● **TASK MATERIAL**:
┄┄┄┄┄┄┄┄┄┄┄┄┄┄┄┄┄┄┄┄

(* Let $k:(0,\infty)\to(0,\infty)$ be $C^1$, $K(X):=k(|X|)|X|^{-1}X$ for $X\in\mathbb{R}^N\setminus\{0\}$, $b(t):=k'(t)t/k(t)$, and let $X:\Omega\to\mathbb{R}^N\setminus\{0\}$ be $C^1$ on an open $\Omega\subset\mathbb{R}^n$. Let $A$ be a real $N\times N$ matrix and $0<\lambda\le\Lambda$ such that $\langle A\chi,\chi\rangle\ge\lambda|\chi|^2$ and $|A\chi|\le\Lambda|\chi|$ for all $\chi\in\mathbb{R}^{N\times n}$. Put $\kappa=\lambda/\Lambda^2$, $\nu=\lambda/\Lambda$. At every point where $b:=b(|X|)>0$, $$\langle\kappa A\,DX,D(K(X))\rangle\ge\big(\alpha^{1/2}-(1-\nu^2)^{1/2}\big)|DX||D(K(X))|,\qquad\alpha=1-\Big(\frac{b-1}{b+1}\Big)^2 .$$
   Context: $DX$ denotes the $N\times n$ Jacobian matrix of $X$; for $\chi\in\mathbb{R}^{N\times n}$, $A\chi$ is the matrix product; for $N\times n$ matrices $P,Q$, $\langle P,Q\rangle=\sum_{a,j}P_{aj}Q_{aj}$ and $|P|=\langle P,P\rangle^{1/2}$. *)

theory Defs
  imports "HOL-Analysis.Analysis"
begin

text \<open>Frobenius inner product and norm on N x n matrices (type real^'n^'N: rows indexed by 'N).\<close>
definition frob_inner :: "real^'n^'m \<Rightarrow> real^'n^'m \<Rightarrow> real" where
  "frob_inner P Q = (\<Sum>a\<in>UNIV. \<Sum>j\<in>UNIV. P $ a $ j * Q $ a $ j)"

definition frob_norm :: "real^'n^'m \<Rightarrow> real" where
  "frob_norm P = sqrt (frob_inner P P)"

definition Kmap :: "(real \<Rightarrow> real) \<Rightarrow> real^'N \<Rightarrow> real^'N" where
  "Kmap k X = (k (norm X) / norm X) *\<^sub>R X"

definition bfun :: "(real \<Rightarrow> real) \<Rightarrow> (real \<Rightarrow> real) \<Rightarrow> real \<Rightarrow> real" where
  "bfun k k' t = k' t * t / k t"

end

theory Submission
  imports Defs
begin

text \<open>
  With \<open>e = X/|X|\<close>, the chain rule gives \<open>D(K(X)) = (k(|X|)/|X|) (DX + (b - 1) E)\<close>, where
  \<open>E = e e\<^sup>T DX\<close> is the orthogonal projection of \<open>DX\<close> onto the matrices with range along \<open>e\<close>.
  For \<open>Q = P + (b - 1) E\<close> one has \<open>(b + 1) \<langle>P,Q\<rangle> = |Q|\<^sup>2 + b |P|\<^sup>2 \<ge> 2 \<surd>b |P| |Q|\<close>, and
  \<open>2 \<surd>b / (b + 1) = \<surd>\<alpha>\<close>.  Finally ellipticity and boundedness of \<open>A\<close> give
  \<open>|\<kappa> A P - P|\<^sup>2 \<le> (1 - \<nu>\<^sup>2) |P|\<^sup>2\<close>, so replacing \<open>P\<close> by \<open>\<kappa> A P\<close> costs at most
  \<open>\<surd>(1 - \<nu>\<^sup>2) |P| |Q|\<close> by Cauchy-Schwarz.
\<close>

lemma frob_inner_eq_inner: "frob_inner P Q = P \<bullet> Q"
  by (simp add: frob_inner_def inner_vec_def)

lemma frob_norm_eq_norm: "frob_norm P = norm P"
  by (simp add: frob_norm_def frob_inner_eq_inner norm_eq_sqrt_inner)

lemma sqrt_one_minus_square_ratio:
  fixes b :: real
  assumes "b > 0"
  shows "sqrt (1 - ((b - 1) / (b + 1))\<^sup>2) = 2 * sqrt b / (b + 1)"
proof -
  have "1 - ((b - 1) / (b + 1))\<^sup>2 = (2 * sqrt b / (b + 1))\<^sup>2"
    using assms by (simp add: power_divide power_mult_distrib field_simps)
      (simp add: power2_eq_square algebra_simps)
  then show ?thesis
    using assms by simp
qed

lemma inner_ge_add_projection:
  fixes P E :: "'a::real_inner"
  assumes proj: "E \<bullet> P = E \<bullet> E" and b: "b > 0"
  shows "2 * sqrt b / (b + 1) * (norm P * norm (P + (b - 1) *\<^sub>R E))
           \<le> P \<bullet> (P + (b - 1) *\<^sub>R E)"
proof -
  define Q where "Q = P + (b - 1) *\<^sub>R E"
  have identity: "(b + 1) * (P \<bullet> Q) = Q \<bullet> Q + b * (P \<bullet> P)"
    unfolding Q_def
    by (simp add: inner_add_left inner_add_right inner_commute proj power2_eq_square algebra_simps)
  have "0 \<le> (norm Q - sqrt b * norm P)\<^sup>2"
    by simp
  also have "\<dots> = Q \<bullet> Q + b * (P \<bullet> P) - 2 * sqrt b * (norm P * norm Q)"
    using b by (simp add: power2_eq_square algebra_simps flip: power2_norm_eq_inner)
  finally have "2 * sqrt b * (norm P * norm Q) \<le> (b + 1) * (P \<bullet> Q)"
    using identity by linarith
  then show ?thesis
    using b by (simp add: Q_def pos_divide_le_eq mult_ac)
qed

lemma norm_scaled_minus_le:
  fixes V P :: "'a::real_inner"
  assumes ell: "V \<bullet> P \<ge> lam * (norm P)\<^sup>2" and bdd: "norm V \<le> Lam * norm P"
    and lam: "0 < lam" "lam \<le> Lam"
  shows "norm ((lam / Lam\<^sup>2) *\<^sub>R V - P) \<le> sqrt (1 - (lam / Lam)\<^sup>2) * norm P"
proof -
  define \<kappa> where "\<kappa> = lam / Lam\<^sup>2"
  have Lam: "Lam > 0" and \<kappa>: "\<kappa> \<ge> 0"
    using lam by (auto simp: \<kappa>_def)
  have "(norm (\<kappa> *\<^sub>R V - P))\<^sup>2 = \<kappa>\<^sup>2 * (norm V)\<^sup>2 - 2 * \<kappa> * (V \<bullet> P) + (norm P)\<^sup>2"
    by (simp only: power2_norm_eq_inner)
      (simp add: inner_diff_left inner_diff_right inner_commute power2_eq_square algebra_simps)
  also have "\<dots> \<le> \<kappa>\<^sup>2 * (Lam * norm P)\<^sup>2 - 2 * \<kappa> * (lam * (norm P)\<^sup>2) + (norm P)\<^sup>2"
    using mult_left_mono[OF power_mono[OF bdd norm_ge_zero, of 2], of "\<kappa>\<^sup>2"]
      mult_left_mono[OF ell, of "2 * \<kappa>"] \<kappa>
    by simp
  also have "\<dots> = (1 - (lam / Lam)\<^sup>2) * (norm P)\<^sup>2"
    using Lam by (simp add: \<kappa>_def power2_eq_square field_simps)
  finally have "norm (\<kappa> *\<^sub>R V - P) \<le> sqrt ((1 - (lam / Lam)\<^sup>2) * (norm P)\<^sup>2)"
    by (simp add: real_le_rsqrt)
  then show ?thesis
    by (simp add: \<kappa>_def real_sqrt_mult)
qed

lemma inner_scaled_ge:
  fixes V P Q :: "'a::real_inner"
  assumes "V \<bullet> P \<ge> lam * (norm P)\<^sup>2" "norm V \<le> Lam * norm P" "0 < lam" "lam \<le> Lam"
  shows "((lam / Lam\<^sup>2) *\<^sub>R V) \<bullet> Q \<ge> P \<bullet> Q - sqrt (1 - (lam / Lam)\<^sup>2) * norm P * norm Q"
proof -
  define R where "R = (lam / Lam\<^sup>2) *\<^sub>R V - P"
  have "\<bar>R \<bullet> Q\<bar> \<le> sqrt (1 - (lam / Lam)\<^sup>2) * norm P * norm Q"
    using Cauchy_Schwarz_ineq2[of R Q]
      mult_right_mono[OF norm_scaled_minus_le[OF assms] norm_ge_zero[of Q]]
    unfolding R_def by linarith
  moreover have "((lam / Lam\<^sup>2) *\<^sub>R V) \<bullet> Q = P \<bullet> Q + R \<bullet> Q"
    by (simp add: R_def inner_diff_left)
  ultimately show ?thesis
    by linarith
qed

lemma has_derivative_Kmap:
  fixes Y :: "real^'N"
  assumes Y: "Y \<noteq> 0" and k: "(k has_real_derivative d) (at (norm Y))"
  shows "(Kmap k has_derivative
     (\<lambda>v. (k (norm Y) / norm Y) *\<^sub>R v + ((d - k (norm Y) / norm Y) * (sgn Y \<bullet> v)) *\<^sub>R sgn Y)) (at Y)"
proof -
  let ?r = "norm Y"
  have r: "?r \<noteq> 0"
    using Y by simp
  have "((\<lambda>t. k t / t) has_derivative (\<lambda>u. (d * ?r - k ?r) / (?r * ?r) * u)) (at ?r)"
    using DERIV_divide[OF k DERIV_ident r] by (simp only: has_field_derivative_def mult_1_right)
  from diff_chain_at[OF has_derivative_norm[OF Y] this]
  have "((\<lambda>Z. k (norm Z) / norm Z) has_derivative
      (\<lambda>v. (d * ?r - k ?r) / (?r * ?r) * (sgn Y \<bullet> v))) (at Y)"
    by (simp add: o_def inner_commute)
  from has_derivative_scaleR[OF this has_derivative_ident]
  show ?thesis
    unfolding Kmap_def[abs_def]
    by (rule has_derivative_eq_rhs) (use r in \<open>simp add: sgn_div_norm field_simps\<close>)
qed

definition proj_along :: "real^'N \<Rightarrow> real^'n^'N \<Rightarrow> real^'n^'N" where
  "proj_along e P = (\<chi> i. e $ i *\<^sub>R (e v* P))"

lemma inner_proj_along:
  assumes "norm e = 1"
  shows "proj_along e P \<bullet> P = proj_along e P \<bullet> proj_along e P"
proof -
  have e: "(\<Sum>i\<in>UNIV. e $ i * e $ i) = 1"
    using assms by (simp add: norm_eq_1 inner_vec_def)
  have "proj_along e P \<bullet> P = (e v* P) \<bullet> (e v* P)"
    by (simp add: proj_along_def inner_vec_def vector_matrix_mult_def sum_distrib_left
        sum_distrib_right mult_ac) (subst sum.swap, simp)
  also have "\<dots> = proj_along e P \<bullet> proj_along e P"
    unfolding proj_along_def inner_vec_def[of "\<chi> i. e $ i *\<^sub>R (e v* P)"]
    by (simp add: mult.assoc[symmetric] e flip: sum_distrib_right)
  finally show ?thesis .
qed

lemma jacobian_Kmap_comp:
  fixes X :: "real^'n \<Rightarrow> real^'N"
  assumes X: "X differentiable (at x)" "X x \<noteq> 0"
    and k: "(k has_real_derivative d) (at (norm (X x)))"
  defines "g \<equiv> k (norm (X x)) / norm (X x)"
  shows "jacobian (\<lambda>y. Kmap k (X y)) (at x)
           = g *\<^sub>R jacobian X (at x) + (d - g) *\<^sub>R proj_along (sgn (X x)) (jacobian X (at x))"
proof -
  define DX where "DX = frechet_derivative X (at x)"
  have "(X has_derivative DX) (at x)"
    using X by (simp add: DX_def frechet_derivative_works)
  from diff_chain_at[OF this has_derivative_Kmap[OF X(2) k]]
  have "frechet_derivative (\<lambda>y. Kmap k (X y)) (at x)
          = (\<lambda>v. g *\<^sub>R v + ((d - g) * (sgn (X x) \<bullet> v)) *\<^sub>R sgn (X x)) \<circ> DX"
    by (simp add: frechet_derivative_at[symmetric] o_def g_def)
  moreover have "DX (axis j 1) = (\<chi> i. jacobian X (at x) $ i $ j)" for j
    by (simp add: DX_def jacobian_def matrix_def vec_eq_iff)
  ultimately show ?thesis
    by (simp add: jacobian_def[of "\<lambda>y. Kmap k (X y)"] matrix_def vec_eq_iff proj_along_def
        vector_matrix_mult_def inner_vec_def mult_ac)
qed

theorem lemma6p3:
  fixes k k' :: "real \<Rightarrow> real"
    and X :: "real^'n \<Rightarrow> real^'N"
    and \<Omega> :: "(real^'n) set"
    and A :: "real^'N^'N"
    and lam Lam :: real
    and x :: "real^'n"
  assumes k_pos: "\<And>t. t > 0 \<Longrightarrow> k t > 0"
    and k_deriv: "\<And>t. t > 0 \<Longrightarrow> (k has_real_derivative k' t) (at t)"
    and k'_cont: "continuous_on {0<..} k'"
    and \<Omega>_open: "open \<Omega>"
    and X_nz: "\<And>y. y \<in> \<Omega> \<Longrightarrow> X y \<noteq> 0"
    and X_diff: "\<And>y. y \<in> \<Omega> \<Longrightarrow> X differentiable (at y)"
    and X_C1: "continuous_on \<Omega> (\<lambda>y. jacobian X (at y))"
    and lam_pos: "0 < lam" and lam_le: "lam \<le> Lam"
    and A_ell: "\<And>C::real^'n^'N. frob_inner (A ** C) C \<ge> lam * (frob_norm C)\<^sup>2"
    and A_bdd: "\<And>C::real^'n^'N. frob_norm (A ** C) \<le> Lam * frob_norm C"
    and x_in: "x \<in> \<Omega>"
    and b_pos: "bfun k k' (norm (X x)) > 0"
  shows "frob_inner (((lam / Lam\<^sup>2) *\<^sub>R A) ** jacobian X (at x))
                    (jacobian (\<lambda>y. Kmap k (X y)) (at x))
         \<ge> (sqrt (1 - ((bfun k k' (norm (X x)) - 1) / (bfun k k' (norm (X x)) + 1))\<^sup>2)
             - sqrt (1 - (lam / Lam)\<^sup>2))
           * frob_norm (jacobian X (at x)) * frob_norm (jacobian (\<lambda>y. Kmap k (X y)) (at x))"
proof -
  define P where "P = jacobian X (at x)"
  define Q where "Q = jacobian (\<lambda>y. Kmap k (X y)) (at x)"
  define r where "r = norm (X x)"
  define g where "g = k r / r"
  define b where "b = bfun k k' r"
  define E where "E = proj_along (sgn (X x)) P"
  have X0: "X x \<noteq> 0" and r: "r > 0"
    using X_nz[OF x_in] by (auto simp: r_def)
  have g: "g > 0" and b: "b > 0"
    using k_pos[OF r] r b_pos by (simp_all add: g_def b_def r_def)
  have "Q = g *\<^sub>R P + (k' r - g) *\<^sub>R E"
    using jacobian_Kmap_comp[OF X_diff[OF x_in] X0 k_deriv[OF r[unfolded r_def]]]
    by (simp add: P_def Q_def E_def g_def r_def)
  also have "\<dots> = g *\<^sub>R (P + (b - 1) *\<^sub>R E)"
    using r k_pos[OF r] by (simp add: b_def bfun_def g_def algebra_simps)
  finally have Q_eq: "Q = g *\<^sub>R (P + (b - 1) *\<^sub>R E)" .
  have "E \<bullet> P = E \<bullet> E"
    using X0 by (simp add: E_def inner_proj_along norm_sgn)
  from mult_left_mono[OF inner_ge_add_projection[OF this b], where c = g]
  have "2 * sqrt b / (b + 1) * (norm P * norm Q) \<le> P \<bullet> Q"
    using g by (simp add: Q_eq mult_ac)
  moreover have "((lam / Lam\<^sup>2) *\<^sub>R (A ** P)) \<bullet> Q
                   \<ge> P \<bullet> Q - sqrt (1 - (lam / Lam)\<^sup>2) * norm P * norm Q"
    using A_ell[of P] A_bdd[of P] lam_pos lam_le
    by (intro inner_scaled_ge) (simp_all add: frob_inner_eq_inner frob_norm_eq_norm)
  ultimately show ?thesis
    unfolding frob_inner_eq_inner frob_norm_eq_norm
    using sqrt_one_minus_square_ratio[OF b]
    by (simp add: P_def[symmetric] Q_def[symmetric] b_def r_def scalar_matrix_assoc algebra_simps)
qed

end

┄┄┄┄┄┄┄┄┄┄┄┄┄┄┄┄┄┄┄┄

● **DIRECTIONS**:
Report all lines above with "from".

● **ANSWER TO THE PROBLEM**:
  from diff_chain_at[OF has_derivative_norm[OF Y] this]
  from has_derivative_scaleR[OF this has_derivative_ident]
  from diff_chain_at[OF this has_derivative_Kmap[OF X(2) k]]
  from mult_left_mono[OF inner_ge_add_projection[OF this b], where c = g]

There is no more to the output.